With the rise of medical digitalization, the hospital information system deposited a considerable volume of EMR data, which completely documents the patients’ situation in text form. There is increasing interest in applying machine learning techniques to decision-making models for medical diagnosis and treatment. Liang et al. [12] adopted the deep belief network (DBN) to acquire feature representation from EMR and then combined the SVM for supervised learning on the labeled data. Similarly, various supervised machine learning algorithms such as random forest and logistic regression were used in [13] to build ischemic stroke classifiers. Although these ML-based methods outperform conventional techniques such as rule-based algorithms by using massive datasets, they ignore domain-specific knowledge.

The knowledge graph (KG), once known as ontology in early research, serves as an excellent solution to inject domain-specific knowledge into the ML models. The KG is a multirelational graph composed of entities and relationships containing a large amount of prior knowledge [14, 15]. Gone et al. [16] stood on advances in graph embedding learning techniques, decomposing the medicine recommendation task into a link prediction process, and proposed the safe medicine recommendation framework. Abdelaziz et al. [17] developed a large-scalesimilarly-based framework that predicts drug-drug interactions through text and graph embedding algorithms. These studies fully exploit the domain knowledge in the knowledge graph, but they cannot benefit from the large scale of labeled data. In other words, an exceptional specialist should process not just sound professional knowledge but also extensive experience.

For the TCM cerebral palsy diagnosis model to benefit from both the knowledge graph and the EMR, we propose a two-step model called KBRNN to achieve this purpose. In the first step, we extract evidence-based diagnostic knowledge from cerebral palsy KG by using intelligent optimization algorithms and represent this knowledge as tensors. Then, we inject the knowledge into RNN by converting the tensor to the parameter of the RNN. So far, we have obtained the knowledge-based RNN (KBRNN) that can be trained with the TCM data for fine-tuning.

Our key contributions are listed as follows:(1)We propose the knowledge-based RNN (KBRNN).
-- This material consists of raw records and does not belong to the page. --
lemma inversions_Cons: "inversions (x # xs) = length (filter (\<lambda>y. y < x) xs) + inversions xs"
proof -
  let ?S = "\<lambda>w :: nat list. {(p, q). p < q \<and> q < length w \<and> w ! q < w ! p}"
  let ?A = "(\<lambda>q. (0, Suc q)) ` {q. q < length xs \<and> xs ! q < x}"
  let ?B = "(\<lambda>(p, q). (Suc p, Suc q)) ` ?S xs"
  have split: "?S (x # xs) = ?A \<union> ?B"
  proof (intro set_eqI iffI)
    fix z assume z: "z \<in> ?S (x # xs)"
    then obtain p q where "z = (p, q)" "p < q"
      by blast
    moreover from \<open>p < q\<close> obtain q' where "q = Suc q'"
      using less_imp_Suc_add by blast
    ultimately show "z \<in> ?A \<union> ?B"
      using z by (cases p) (auto simp: image_iff)
  qed auto
  have "finite (?S xs)"
    by (rule finite_subset[of _ "{..<length xs} \<times> {..<length xs}"]) auto
  then have "card (?A \<union> ?B) = card {q. q < length xs \<and> xs ! q < x} + card (?S xs)"
    by (subst card_Un_disjoint) (auto simp: card_image inj_on_def)
  then show ?thesis
    unfolding inversions_def split by (simp add: length_filter_conv_card)
qed

lemma inversions_snoc: "inversions (xs @ [y]) = inversions xs + length (filter (\<lambda>x. y < x) xs)"
  by (induction xs) (simp_all add: inversions_Cons)

lemma inversions_strictly_decreasing:
  "sorted_wrt (>) xs \<Longrightarrow> inversions xs = length xs choose 2"
proof (induction xs)
  case Nil
  then show ?case by simp
next
  case (Cons x xs)
  then have "filter (\<lambda>y. y < x) xs = xs"
    by (simp add: filter_id_conv)
  with Cons show ?case
    by (simp add: inversions_Cons numeral_2_eq_2)
qed

section \<open>Positive roots of type A\<close>

definition root_indices :: "nat \<Rightarrow> (nat \<times> nat) set" where
  "root_indices n = {(i, j). 1 \<le> i \<and> i < j \<and> j \<le> n}"

lemma mem_root_indices [simp]: "(i, j) \<in> root_indices n \<longleftrightarrow> 1 \<le> i \<and> i < j \<and> j \<le> n"
  by (simp add: root_indices_def)

(* Pairs (i, j) index both the roots e_i - e_j and the claw entries (bottom i, top j) of a filling;
   claw_le is the order they carry on either side. *)
definition claw_le :: "nat \<times> nat \<Rightarrow> nat \<times> nat \<Rightarrow> bool" where
  "claw_le p q \<longleftrightarrow> fst q \<le> fst p \<and> snd p \<le> snd q"

lemma card_root_indices: "card (root_indices n) = n choose 2"
proof -
  have "bij_betw (\<lambda>(i, j). {i, j}) (root_indices n) {B. B \<subseteq> {1..n} \<and> card B = 2}"
    unfolding bij_betw_def
  proof
    show "inj_on (\<lambda>(i, j). {i, j}) (root_indices n)"
      by (auto simp: inj_on_def root_indices_def doubleton_eq_iff)
    show "(\<lambda>(i, j). {i, j}) ` root_indices n = {B. B \<subseteq> {1..n} \<and> card B = 2}"
    proof (intro set_eqI iffI)
      fix B assume "B \<in> {B. B \<subseteq> {1..n} \<and> card B = 2}"
      then obtain x y where "x \<noteq> y" "B = {x, y}" "{x, y} \<subseteq> {1..n}"
        by (auto simp: card_2_iff)
      then have "B = {min x y, max x y}" "(min x y, max x y) \<in> root_indices n"
        by (auto simp: min_def max_def)
      then show "B \<in> (\<lambda>(i, j). {i, j}) ` root_indices n"
        by force
    qed (auto simp: root_indices_def)
  qed
  then show ?thesis
    by (simp add: bij_betw_same_card n_subsets)
qed

lemma minimal_in_root_indices_iff:
  "minimal_in (root_indices n) claw_le (i, j) \<longleftrightarrow> (i, j) \<in> root_indices n \<and> j = i + 1"
proof
  assume min: "minimal_in (root_indices n) claw_le (i, j)"
  then have ij: "(i, j) \<in> root_indices n"
    by (simp add: minimal_in_def)
  show "(i, j) \<in> root_indices n \<and> j = i + 1"
  proof (rule ccontr)
    assume "\<not> ?thesis"
    with ij have "(i + 1, j) \<in> root_indices n" "claw_le (i + 1, j) (i, j)"
      by (auto simp: claw_le_def)
    with min show False
      by (auto simp: minimal_in_def)
  qed
next
  assume "(i, j) \<in> root_indices n \<and> j = i + 1"
  then show "minimal_in (root_indices n) claw_le (i, j)"
    by (auto simp: minimal_in_def claw_le_def)
qed

lemma sum_simple_roots_eq:
  fixes a :: "nat \<Rightarrow> nat" and n :: nat
  defines "c \<equiv> \<lambda>t. if 1 \<le> t \<and> t < n then int (a t) else 0"
  shows "(\<Sum>t = 1..<n. int (a t) * (evec t k - evec (t + 1) k)) = c k - c (k - 1)"
proof -
  have "(\<Sum>t = 1..<n. int (a t) * (evec t k - evec (t + 1) k))
      = (\<Sum>t = 1..<n. if t = k then int (a t) else 0) - (\<Sum>t = 1..<n. if t = k - 1 \<and> 1 \<le> k then int (a t) else 0)"
    unfolding sum_subtractf[symmetric] by (rule sum.cong) (auto simp: evec_def)
  also have "\<dots> = c k - c (k - 1)"
    by (cases "1 \<le> k") (auto simp: c_def sum.delta')
  finally show ?thesis .
qed

(* The coefficient of the simple root e_t - e_(t+1) is forced to be the t-th partial sum of delta - gamma. *)
lemma root_le_A_iff_partial_sums:
  fixes \<gamma> \<delta> :: "nat \<Rightarrow> int"
  assumes zero: "\<gamma> 0 = \<delta> 0" and beyond: "\<And>k. n < k \<Longrightarrow> \<gamma> k = \<delta> k"
    and total: "(\<Sum>k\<le>n. \<delta> k - \<gamma> k) = 0"
  shows "root_le_A n \<gamma> \<delta> \<longleftrightarrow> (\<forall>K. 0 \<le> (\<Sum>k\<le>K. \<delta> k - \<gamma> k))"
proof
  assume "root_le_A n \<gamma> \<delta>"
  then obtain a :: "nat \<Rightarrow> nat" where a: "\<And>k. \<delta> k - \<gamma> k = (\<Sum>t = 1..<n. int (a t) * (evec t k - evec (t + 1) k))"
    by (auto simp: root_le_A_def)
  define c where "c t = (if 1 \<le> t \<and> t < n then int (a t) else 0)" for t
  have "\<delta> k - \<gamma> k = c k - c (k - 1)" for k
    unfolding a c_def by (rule sum_simple_roots_eq)
  then have "(\<Sum>k\<le>K. \<delta> k - \<gamma> k) = c K" for K
    by (induction K) (simp_all add: c_def)
  then show "\<forall>K. 0 \<le> (\<Sum>k\<le>K. \<delta> k - \<gamma> k)"
    by (simp add: c_def)
next
  define P where "P K = (\<Sum>k\<le>K. \<delta> k - \<gamma> k)" for K
  assume "\<forall>K. 0 \<le> (\<Sum>k\<le>K. \<delta> k - \<gamma> k)"
  then have nonneg: "0 \<le> P K" for K
    by (simp add: P_def)
  have P_beyond: "P K = 0" if "n \<le> K" for K
    using that
  proof (induction K rule: dec_induct)
    case base
    then show ?case using total by (simp add: P_def)
  next
    case (step K)
    then show ?case using beyond[of "Suc K"] by (simp add: P_def)
  qed
  define a where "a t = nat (P t)" for t
  have P_eq: "(if 1 \<le> t \<and> t < n then int (a t) else 0) = P t" for t
    using nonneg[of t] P_beyond[of t] zero by (cases t) (auto simp: a_def P_def)
  have "\<delta> k - \<gamma> k = (\<Sum>t = 1..<n. int (a t) * (evec t k - evec (t + 1) k))" for k
    unfolding sum_simple_roots_eq P_eq using zero by (cases k) (simp_all add: P_def)
  then show "root_le_A n \<gamma> \<delta>"
    unfolding root_le_A_def by blast
qed

lemma sum_atMost_evec: "(\<Sum>k\<le>K. evec i k) = of_bool (i \<le> K)"
  by (simp add: evec_def)

lemma root_le_A_pos_roots_iff:
  assumes ij: "(i, j) \<in> root_indices n" and ij': "(i', j') \<in> root_indices n"
  shows "root_le_A n (\<lambda>k. evec i k - evec j k) (\<lambda>k. evec i' k - evec j' k) \<longleftrightarrow> claw_le (i, j) (i', j')"
proof -
  have partial: "(\<Sum>k\<le>K. (evec i' k - evec j' k) - (evec i k - evec j k))
      = of_bool (i' \<le> K) - of_bool (j' \<le> K) - of_bool (i \<le> K) + of_bool (j \<le> K)" for K
    by (simp add: sum.distrib sum_subtractf sum_atMost_evec)
  have total: "(\<Sum>k\<le>n. (evec i' k - evec j' k) - (evec i k - evec j k)) = 0"
    unfolding partial using ij ij' by simp
  have "root_le_A n (\<lambda>k. evec i k - evec j k) (\<lambda>k. evec i' k - evec j' k)
      \<longleftrightarrow> (\<forall>K. 0 \<le> of_bool (i' \<le> K) - of_bool (j' \<le> K) - of_bool (i \<le> K) + (of_bool (j \<le> K) :: int))"
    unfolding partial[symmetric]
    by (rule root_le_A_iff_partial_sums) (use ij ij' total in \<open>auto simp: evec_def\<close>)
  also have "\<dots> \<longleftrightarrow> claw_le (i, j) (i', j')"
  proof
    assume sums: "\<forall>K. 0 \<le> of_bool (i' \<le> K) - of_bool (j' \<le> K) - of_bool (i \<le> K) + (of_bool (j \<le> K) :: int)"
    have "i' \<le> i"
      using sums[rule_format, of i] ij by (auto split: if_splits)
    moreover have "j \<le> j'"
    proof (rule ccontr)
      assume "\<not> j \<le> j'"
      with ij ij' have "i' \<le> j - 1" "j' \<le> j - 1" "i \<le> j - 1" "\<not> j \<le> j - 1"
        by auto
      with sums[rule_format, of "j - 1"] show False
        by simp
    qed
    ultimately show "claw_le (i, j) (i', j')"
      by (simp add: claw_le_def)
  next
    assume "claw_le (i, j) (i', j')"
    with ij ij' show "\<forall>K. 0 \<le> of_bool (i' \<le> K) - of_bool (j' \<le> K) - of_bool (i \<le> K) + (of_bool (j \<le> K) :: int)"
      by (auto simp: claw_le_def)
  qed
  finally show ?thesis .
qed

lemma bij_betw_pos_roots:
  "bij_betw (\<lambda>(i, j). \<lambda>k. evec i k - evec j k) (root_indices n) (pos_roots_A n)"
  unfolding bij_betw_def
proof
  show "inj_on (\<lambda>(i, j). \<lambda>k. evec i k - evec j k) (root_indices n)"
  proof (rule inj_onI, clarify)
    fix i j i' j'
    assume ij: "(i, j) \<in> root_indices n" and ij': "(i', j') \<in> root_indices n"
      and eq: "(\<lambda>k. evec i k - evec j k) = (\<lambda>k. evec i' k - evec j' k)"
    from eq have "evec i i - evec j i = evec i' i - evec j' i" "evec i j - evec j j = evec i' j - evec j' j"
      by meson+
    with ij ij' show "i = i' \<and> j = j'"
      by (auto simp: evec_def split: if_splits)
  qed
  show "(\<lambda>(i, j). \<lambda>k. evec i k - evec j k) ` root_indices n = pos_roots_A n"
    by (auto simp: root_indices_def pos_roots_A_def)
qed

lemma poset_iso_pos_roots: "poset_iso (root_indices n) claw_le (pos_roots_A n) (root_le_A n)"
  unfolding poset_iso_def
proof (intro exI conjI ballI)
  show "bij_betw (\<lambda>(i, j). \<lambda>k. evec i k - evec j k) (root_indices n) (pos_roots_A n)"
    by (rule bij_betw_pos_roots)
  fix x y assume "x \<in> root_indices n" "y \<in> root_indices n"
  then show "claw_le x y \<longleftrightarrow> root_le_A n ((\<lambda>(i, j). \<lambda>k. evec i k - evec j k) x) ((\<lambda>(i, j). \<lambda>k. evec i k - evec j k) y)"
    using root_le_A_pos_roots_iff by (cases x, cases y) simp
qed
Compared with the traditional methods, the KBRNN can be enhanced by the domain knowledge in KG. Also, the performance of KBRNN can be further enhanced by training on the labeled data.(2)Under the KBRNN proposed, we design an evolutionary algorithm for knowledge extraction and give an ingenious way to represent the knowledge as tensors and inject them into the RNN.(3)The experiment results show the accuracy of diagnosis of the untrained KBRNN which only with knowledge injections is 79.31%, and is up to 83.12% for the fully trained KBRNN.

2.1. Knowledge Graph Inference and Its Applications

The knowledge graph contains the amount of prior knowledge [18], which can provide external information for various downstream tasks [19]. For medical tasks, Yang et al. [20] introduced the link prediction for the diagnosis of syndrome by dismantling medical records into multiple symptoms based on the KG. Zheng et al. [21] learned the relational embedding from nodes in KG to access medical knowledge and used them to improve the classifier’s performance through the mechanism of medical knowledge attention. Zhang and Che. [22] constructed Parkinson’s disease KG and KG completion methods that were leveraged to predict drug candidates. Yang et al. [23] pretrained the embeddings of entities by large-scale domain-specific corpus while learning the knowledge embeddings of entities via a joint TransC-TransE model. Lin et al. [24] combined the context provided by medical entity descriptions with the embeddings of medical entities and relations and user embeddings to learn patient similarities through a convolutional neural network. Lin et al. [25] utilized graph representation learning models to obtain the embedding vectors of the entities, then applied the embeddings to study patient similarities. These works used joint representation to bring entity and word vector space closer. However, for KGs with large numbers of entities, dealing with entities and their relationships leads to higher time complexity.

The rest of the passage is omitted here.